Records from a data source:
[Start of Attachment]
lemma delta4_not_sum_of_pairings:
  fixes A1 B1 A2 B2 A3 B3 :: "'i \<Rightarrow> 'i \<Rightarrow> 'a::field"
  assumes "finite S" "card S \<ge> 4"
    and decomp: "\<And>i j k l. i \<in> S \<Longrightarrow> j \<in> S \<Longrightarrow> k \<in> S \<Longrightarrow> l \<in> S \<Longrightarrow>
      (if i = j \<and> j = k \<and> k = l then 1 else 0) = A1 i j * B1 k l + A2 i k * B2 j l + A3 i l * B3 j k"
  shows False
proof -
  have "S \<noteq> {}" using assms(2) by auto
  then obtain j0 wt where j0: "j0 \<in> S" and wt1: "\<And>i. i \<in> S - {j0} \<Longrightarrow> wt i = 1"
    and wt_annihilates: "(\<Sum>i\<in>S. wt i * (\<Sum>l\<in>S. A3 i l)) = 0"
    using obtain_weights_annihilating[OF assms(1), of "\<lambda>i. \<Sum>l\<in>S. A3 i l"] by blast
  have "3 \<le> card (S - {j0})" using assms(1,2) j0 by simp
  then obtain T where "T \<subseteq> S - {j0}" "card T = 3" by (meson obtain_subset_with_card_n)
  then obtain p q r where pqr: "{p,q,r} \<subseteq> S - {j0}" "p \<noteq> q" "q \<noteq> r" "p \<noteq> r"
    by (auto simp: card_3_iff)
  have "(if j = k then 1 else 0) = (\<Sum>i\<in>S. wt i * A1 i j) * (\<Sum>l\<in>S. B1 k l)
      + (\<Sum>l\<in>S. B2 j l) * (\<Sum>i\<in>S. wt i * A2 i k)" if jk: "j \<in> {p,q,r}" "k \<in> {p,q,r}" for j k
  proof -
    have jS: "j \<in> S - {j0}" and kS: "k \<in> S - {j0}" using jk pqr by auto
    have "(\<Sum>i\<in>S. \<Sum>l\<in>S. wt i * (if i = j \<and> j = k \<and> k = l then 1 else 0))
        = (\<Sum>i\<in>S. if i = j \<and> j = k then wt i else 0)"
      using assms(1) kS by (intro sum.cong refl) (auto simp: sum_distrib_left[symmetric])
    also have "\<dots> = (if j = k then wt j else 0)" using assms(1) jS by (cases "j = k") auto
    also have "\<dots> = (if j = k then 1 else 0)" using wt1[OF jS] by auto
    finally have "(if j = k then 1 else 0)
        = (\<Sum>i\<in>S. \<Sum>l\<in>S. wt i * (if i = j \<and> j = k \<and> k = l then 1 else 0))" ..
    also have "\<dots> = (\<Sum>i\<in>S. \<Sum>l\<in>S. wt i * (A1 i j * B1 k l + A2 i k * B2 j l + A3 i l * B3 j k))"
      using decomp jS kS by (intro sum.cong refl) auto
    also have "\<dots> = (\<Sum>i\<in>S. wt i * A1 i j) * (\<Sum>l\<in>S. B1 k l)
        + (\<Sum>l\<in>S. B2 j l) * (\<Sum>i\<in>S. wt i * A2 i k) + (\<Sum>i\<in>S. wt i * (\<Sum>l\<in>S. A3 i l)) * B3 j k"
      by (simp add: sum_distrib_left sum_distrib_right sum.distrib algebra_simps)
    finally show ?thesis using wt_annihilates by simp
  qed
  then show False
    by (rule rank_2_not_identity_3[OF pqr(2-4), of "\<lambda>j. \<Sum>i\<in>S. wt i * A1 i j" "\<lambda>k. \<Sum>l\<in>S. B1 k l"
          "\<lambda>j. \<Sum>l\<in>S. B2 j l" "\<lambda>k. \<Sum>i\<in>S. wt i * A2 i k"])
qed

locale multigraph =
  fixes V :: "'a set" and Ed :: "'e set" and ends :: "'e \<Rightarrow> 'a set"
    and c :: "'e \<Rightarrow> 'a \<Rightarrow> nat" and w :: "'e \<Rightarrow> complex"
  assumes finite_edges: "finite Ed" and ends_subset: "e \<in> Ed \<Longrightarrow> ends e \<subseteq> V"
begin

definition edges_within :: "'a set \<Rightarrow> 'e set" where
  "edges_within U = {e \<in> Ed. ends e \<subseteq> U}"

definition perfect_matchings :: "'a set \<Rightarrow> 'e set set" where
  "perfect_matchings U = {P. perfect_matching U ends (edges_within U) P}"

definition matching_colour :: "'e set \<Rightarrow> 'a \<Rightarrow> nat" where
  "matching_colour P u = c (THE e. e \<in> P \<and> u \<in> ends e) u"

lemma perfect_matchingsI:
  assumes "P \<subseteq> Ed" "\<And>e. e \<in> P \<Longrightarrow> ends e \<subseteq> U" "\<And>u. u \<in> U \<Longrightarrow> \<exists>e\<in>P. u \<in> ends e"
    "\<And>u e e'. u \<in> U \<Longrightarrow> e \<in> P \<Longrightarrow> e' \<in> P \<Longrightarrow> u \<in> ends e \<Longrightarrow> u \<in> ends e' \<Longrightarrow> e = e'"
  shows "P \<in> perfect_matchings U"
  using assms unfolding perfect_matchings_def perfect_matching_def edges_within_def by blast

context
  fixes P U assumes P: "P \<in> perfect_matchings U"
begin

lemma perfect_matchings_subset: "P \<subseteq> Ed"
  using P by (auto simp: perfect_matchings_def perfect_matching_def edges_within_def)

lemma perfect_matchings_ends: "e \<in> P \<Longrightarrow> ends e \<subseteq> U"
  using P by (auto simp: perfect_matchings_def perfect_matching_def edges_within_def)

lemma perfect_matchings_cover: "u \<in> U \<Longrightarrow> \<exists>e\<in>P. u \<in> ends e"
  using P by (auto simp: perfect_matchings_def perfect_matching_def)

lemma perfect_matchings_unique:
  "u \<in> U \<Longrightarrow> e \<in> P \<Longrightarrow> e' \<in> P \<Longrightarrow> u \<in> ends e \<Longrightarrow> u \<in> ends e' \<Longrightarrow> e = e'"
  using P unfolding perfect_matchings_def perfect_matching_def by blast

lemma matching_colour_eq: "u \<in> U \<Longrightarrow> e \<in> P \<Longrightarrow> u \<in> ends e \<Longrightarrow> matching_colour P u = c e u"
  unfolding matching_colour_def using perfect_matchings_unique
  by (metis (no_types, lifting) the_equality)

end

lemma finite_perfect_matchings: "finite (perfect_matchings U)"
  by (rule finite_subset[of _ "Pow Ed"]) (auto dest: perfect_matchings_subset simp: finite_edges)

lemma insert_perfect_matching:
  assumes e: "e \<in> Ed" "ends e = {v,x}" "v \<in> U" "x \<in> U" and P: "P \<in> perfect_matchings (U - {v,x})"
  shows "insert e P \<in> perfect_matchings U"
proof (rule perfect_matchingsI)
  show "insert e P \<subseteq> Ed" using e perfect_matchings_subset[OF P] by auto
  show "ends f \<subseteq> U" if "f \<in> insert e P" for f using that e perfect_matchings_ends[OF P] by auto
  show "\<exists>f\<in>insert e P. u \<in> ends f" if "u \<in> U" for u
    using perfect_matchings_cover[OF P, of u] that e by auto
  show "f = f'" if "u \<in> U" "f \<in> insert e P" "f' \<in> insert e P" "u \<in> ends f" "u \<in> ends f'" for u f f'
    using that perfect_matchings_ends[OF P] perfect_matchings_unique[OF P, of u] e by blast
qed

lemma matching_colour_insert:
  assumes e: "e \<in> Ed" "ends e = {v,x}" "v \<in> U" "x \<in> U" and P: "P \<in> perfect_matchings (U - {v,x})"
    and u: "u \<in> U"
  shows "matching_colour (insert e P) u = (if u \<in> {v,x} then c e u else matching_colour P u)"
proof (cases "u \<in> {v,x}")
  case True
  then show ?thesis using matching_colour_eq[OF insert_perfect_matching[OF e P] u, of e] e by auto
next
  case False
  then obtain f where "f \<in> P" "u \<in> ends f" using perfect_matchings_cover[OF P, of u] u by auto
  then show ?thesis
    using matching_colour_eq[OF insert_perfect_matching[OF e P] u, of f]
      matching_colour_eq[OF P, of u f] u False by auto
qed

lemma remove_perfect_matching:
  assumes Q: "Q \<in> perfect_matchings U" and e: "e \<in> Q" "ends e = {v,x}" "v \<in> U" "x \<in> U"
  shows "Q - {e} \<in> perfect_matchings (U - {v,x})"
proof (rule perfect_matchingsI)
  show "Q - {e} \<subseteq> Ed" using perfect_matchings_subset[OF Q] by auto
  show "ends f \<subseteq> U - {v,x}" if "f \<in> Q - {e}" for f
    using that e perfect_matchings_ends[OF Q, of f] perfect_matchings_unique[OF Q, of _ e f] by blast
  show "\<exists>f\<in>Q - {e}. u \<in> ends f" if "u \<in> U - {v,x}" for u
    using perfect_matchings_cover[OF Q, of u] that e by auto
  show "f = f'" if "u \<in> U - {v,x}" "f \<in> Q - {e}" "f' \<in> Q - {e}" "u \<in> ends f" "u \<in> ends f'" for u f f'
    using that perfect_matchings_unique[OF Q, of u f f'] by auto
qed

lemma matching_colour_remove:
  assumes Q: "Q \<in> perfect_matchings U" and e: "e \<in> Q" "ends e = {v,x}" "v \<in> U" "x \<in> U"
    and u: "u \<in> U - {v,x}"
  shows "matching_colour (Q - {e}) u = matching_colour Q u"
proof -
  obtain f where f: "f \<in> Q" "u \<in> ends f" using perfect_matchings_cover[OF Q, of u] u by auto
  then have "f \<noteq> e" using e u by auto
  then show ?thesis
    using matching_colour_eq[OF remove_perfect_matching[OF Q e] u, of f] matching_colour_eq[OF Q _ f] f u
    by auto
qed

lemma perfect_matching_filtered_iff:
  "perfect_matching V ends (filtered Ed ends c vc) P \<longleftrightarrow>
     P \<in> perfect_matchings V \<and> (\<forall>u\<in>V. matching_colour P u = vc u)"
proof
  assume pm: "perfect_matching V ends (filtered Ed ends c vc) P"
  then have P: "P \<in> perfect_matchings V"
    using ends_subset
    by (auto simp: perfect_matchings_def perfect_matching_def edges_within_def filtered_def)
  have "matching_colour P u = vc u" if u: "u \<in> V" for u
  proof -
    obtain e where "e \<in> P" "u \<in> ends e" using perfect_matchings_cover[OF P u] by blast
    then show ?thesis
      using matching_colour_eq[OF P u] pm by (auto simp: perfect_matching_def filtered_def)
  qed
  with P show "P \<in> perfect_matchings V \<and> (\<forall>u\<in>V. matching_colour P u = vc u)" by blast
next
  assume "P \<in> perfect_matchings V \<and> (\<forall>u\<in>V. matching_colour P u = vc u)"
  then have P: "P \<in> perfect_matchings V" and col: "\<forall>u\<in>V. matching_colour P u = vc u" by auto
  have "P \<subseteq> filtered Ed ends c vc"
    using perfect_matchings_subset[OF P] perfect_matchings_ends[OF P] matching_colour_eq[OF P] col
    by (fastforce simp: filtered_def)
  then show "perfect_matching V ends (filtered Ed ends c vc) P"
    using P by (simp add: perfect_matchings_def perfect_matching_def)
qed

lemma vc_weight_eq_sum_perfect_matchings:
  "vc_weight V Ed ends c w vc =
     (\<Sum>P | P \<in> perfect_matchings V \<and> (\<forall>u\<in>V. matching_colour P u = vc u). prod w P)"
  by (simp add: vc_weight_def perfect_matching_filtered_iff)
[End of Attachment]
The task:
Beginning at the top of the data, please return every line until and including the line containing "l \<in> S \<Longrightarrow>", copied exactly, and nothing past it.

Task result:
lemma delta4_not_sum_of_pairings:
  fixes A1 B1 A2 B2 A3 B3 :: "'i \<Rightarrow> 'i \<Rightarrow> 'a::field"
  assumes "finite S" "card S \<ge> 4"
    and decomp: "\<And>i j k l. i \<in> S \<Longrightarrow> j \<in> S \<Longrightarrow> k \<in> S \<Longrightarrow> l \<in> S \<Longrightarrow>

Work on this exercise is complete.